• WORK REQUEST: When you reach the line containing "by (intro has_vector_derivative_triple)" in the entries below, begin reproducing lines exactly, and stop once the line containing "t \<theta>) has_vector_derivative" is done.
BEGIN AVAILABLE RECORDS
lemma pd_pd_revX_11:
  assumes "s \<in> S"
  shows "pd (pd (revX x z) 1) 1 s \<theta>
     = (deriv (deriv x) s * cos \<theta>, deriv (deriv x) s * sin \<theta>, deriv (deriv z) s)"
proof -
  have "((\<lambda>t. (deriv x t * cos \<theta>, deriv x t * sin \<theta>, deriv z t)) has_vector_derivative
      (deriv (deriv x) s * cos \<theta>, deriv (deriv x) s * sin \<theta>, deriv (deriv z) s)) (at s)"
    using assms
    by (intro has_vector_derivative_triple) (auto intro!: derivative_eq_intros x_deriv2 z_deriv2)
  then have "((\<lambda>t. pd (revX x z) 1 t \<theta>) has_vector_derivative
      (deriv (deriv x) s * cos \<theta>, deriv (deriv x) s * sin \<theta>, deriv (deriv z) s)) (at s)"
    by (rule has_vector_derivative_transform_within_open[OF _ open_domain assms])
      (simp add: pd_revX_1[unfolded One_nat_def])
  then show ?thesis
    unfolding pd_def[of "pd (revX x z) 1"] by (simp add: vector_derivative_at)
qed

lemma pd_pd_revX_12:
  assumes "s \<in> S"
  shows "pd (pd (revX x z) 1) 2 s \<theta> = (- deriv x s * sin \<theta>, deriv x s * cos \<theta>, 0)"
proof -
  have "pd (revX x z) 1 s = (\<lambda>\<phi>. (deriv x s * cos \<phi>, deriv x s * sin \<phi>, deriv z s))"
    using assms by (simp add: pd_revX_1[unfolded One_nat_def] fun_eq_iff)
  then show ?thesis
    unfolding pd_def[of "pd (revX x z) 1"]
    by (simp, intro vector_derivative_at has_vector_derivative_triple)
      (auto intro!: derivative_eq_intros)
qed

lemma pd_pd_revX_21:
  "s \<in> S \<Longrightarrow> pd (pd (revX x z) 2) 1 s \<theta> = (- deriv x s * sin \<theta>, deriv x s * cos \<theta>, 0)"
  unfolding pd_def[of "pd (revX x z) 2"] pd_revX_2
  by (simp, intro vector_derivative_at has_vector_derivative_triple)
    (auto intro!: derivative_eq_intros x_deriv)

lemma pd_pd_revX_22: "pd (pd (revX x z) 2) 2 s \<theta> = (- x s * cos \<theta>, - x s * sin \<theta>, 0)"
proof -
  have "pd (revX x z) 2 s = (\<lambda>\<phi>. (- x s * sin \<phi>, x s * cos \<phi>, 0))"
    by (simp add: pd_revX_2 fun_eq_iff)
  then show ?thesis
    unfolding pd_def[of "pd (revX x z) 2"]
    by (simp, intro vector_derivative_at has_vector_derivative_triple)
      (auto intro!: derivative_eq_intros)
qed

lemma tracelessnorm2_revX:
  assumes "s \<in> S" "x s \<noteq> 0" "(deriv x s)\<^sup>2 + (deriv z s)\<^sup>2 \<noteq> 0"
  shows "tracelessnorm2 (revX x z) (revN x z) s \<theta>
    = ((deriv x s * deriv (deriv z) s - deriv (deriv x) s * deriv z s)
          / ((deriv x s)\<^sup>2 + (deriv z s)\<^sup>2) - deriv z s / x s)\<^sup>2 / 2"
proof -
  have g: "fff (revX x z) 1 1 s \<theta> = (deriv x s)\<^sup>2 + (deriv z s)\<^sup>2"
    "fff (revX x z) 1 2 s \<theta> = 0" "fff (revX x z) 2 1 s \<theta> = 0"
    "fff (revX x z) 2 2 s \<theta> = (x s)\<^sup>2"
    using assms(1)
    by (simp_all add: fff_def pd_revX_1 pd_revX_2 algebra_simps power2_eq_square
        cos_cos_add_sin_sin del: One_nat_def)
  have b: "sff (revX x z) (revN x z) 1 1 s \<theta>
      = deriv x s * deriv (deriv z) s - deriv (deriv x) s * deriv z s"
    "sff (revX x z) (revN x z) 1 2 s \<theta> = 0" "sff (revX x z) (revN x z) 2 1 s \<theta> = 0"
    "sff (revX x z) (revN x z) 2 2 s \<theta> = x s * deriv z s"
    using assms(1)
    by (simp_all add: sff_def revN_def pd_pd_revX_11 pd_pd_revX_12 pd_pd_revX_21 pd_pd_revX_22
        algebra_simps cos_cos_add_sin_sin del: One_nat_def)
  have "tracelessnorm2 (revX x z) (revN x z) s \<theta>
      = (sff (revX x z) (revN x z) 1 1 s \<theta> / fff (revX x z) 1 1 s \<theta>
         - sff (revX x z) (revN x z) 2 2 s \<theta> / fff (revX x z) 2 2 s \<theta>)\<^sup>2 / 2"
    using assms(2,3) by (intro curvatures_orthogonal_coordinates(3)) (simp_all add: g b del: One_nat_def)
  moreover have "x s * deriv z s / (x s)\<^sup>2 = deriv z s / x s"
    using assms(2) by (simp add: power2_eq_square)
  ultimately show ?thesis
    unfolding g b by simp
qed

end

lemma unduloid_radicand_pos:
  fixes B w :: real
  assumes "\<bar>B\<bar> < 1"
  shows "0 < 1 + B\<^sup>2 + 2 * B * sin w"
proof -
  have "\<bar>B * sin w\<bar> \<le> \<bar>B\<bar>"
    by (simp add: abs_mult mult_left_le abs_sin_le_one)
  moreover have "0 < (1 - \<bar>B\<bar>)\<^sup>2"
    using assms by simp
  ultimately show ?thesis
    by (simp add: power2_eq_square algebra_simps)
qed

definition undx' :: "real \<Rightarrow> real \<Rightarrow> real \<Rightarrow> real" where
  "undx' B H s = B * cos (H * s + 3 * pi / 2) / sqrt (1 + B\<^sup>2 + 2 * B * sin (H * s + 3 * pi / 2))"

definition undz' :: "real \<Rightarrow> real \<Rightarrow> real \<Rightarrow> real" where
  "undz' B H s = (1 + B * sin (H * s + 3 * pi / 2)) / sqrt (1 + B\<^sup>2 + 2 * B * sin (H * s + 3 * pi / 2))"

lemma undx_has_derivative:
  assumes "\<bar>B\<bar> < 1" "H \<noteq> 0"
  shows "(undx B H has_real_derivative undx' B H s) (at s)"
  unfolding undx_def[abs_def] undx'_def
  using unduloid_radicand_pos[OF assms(1), of "H * s + 3 * pi / 2"] assms(2)
  by (auto intro!: derivative_eq_intros simp: field_simps)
END AVAILABLE RECORDS
• COMPLETED EXERCISE:
    by (intro has_vector_derivative_triple) (auto intro!: derivative_eq_intros x_deriv2 z_deriv2)
  then have "((\<lambda>t. pd (revX x z) 1 t \<theta>) has_vector_derivative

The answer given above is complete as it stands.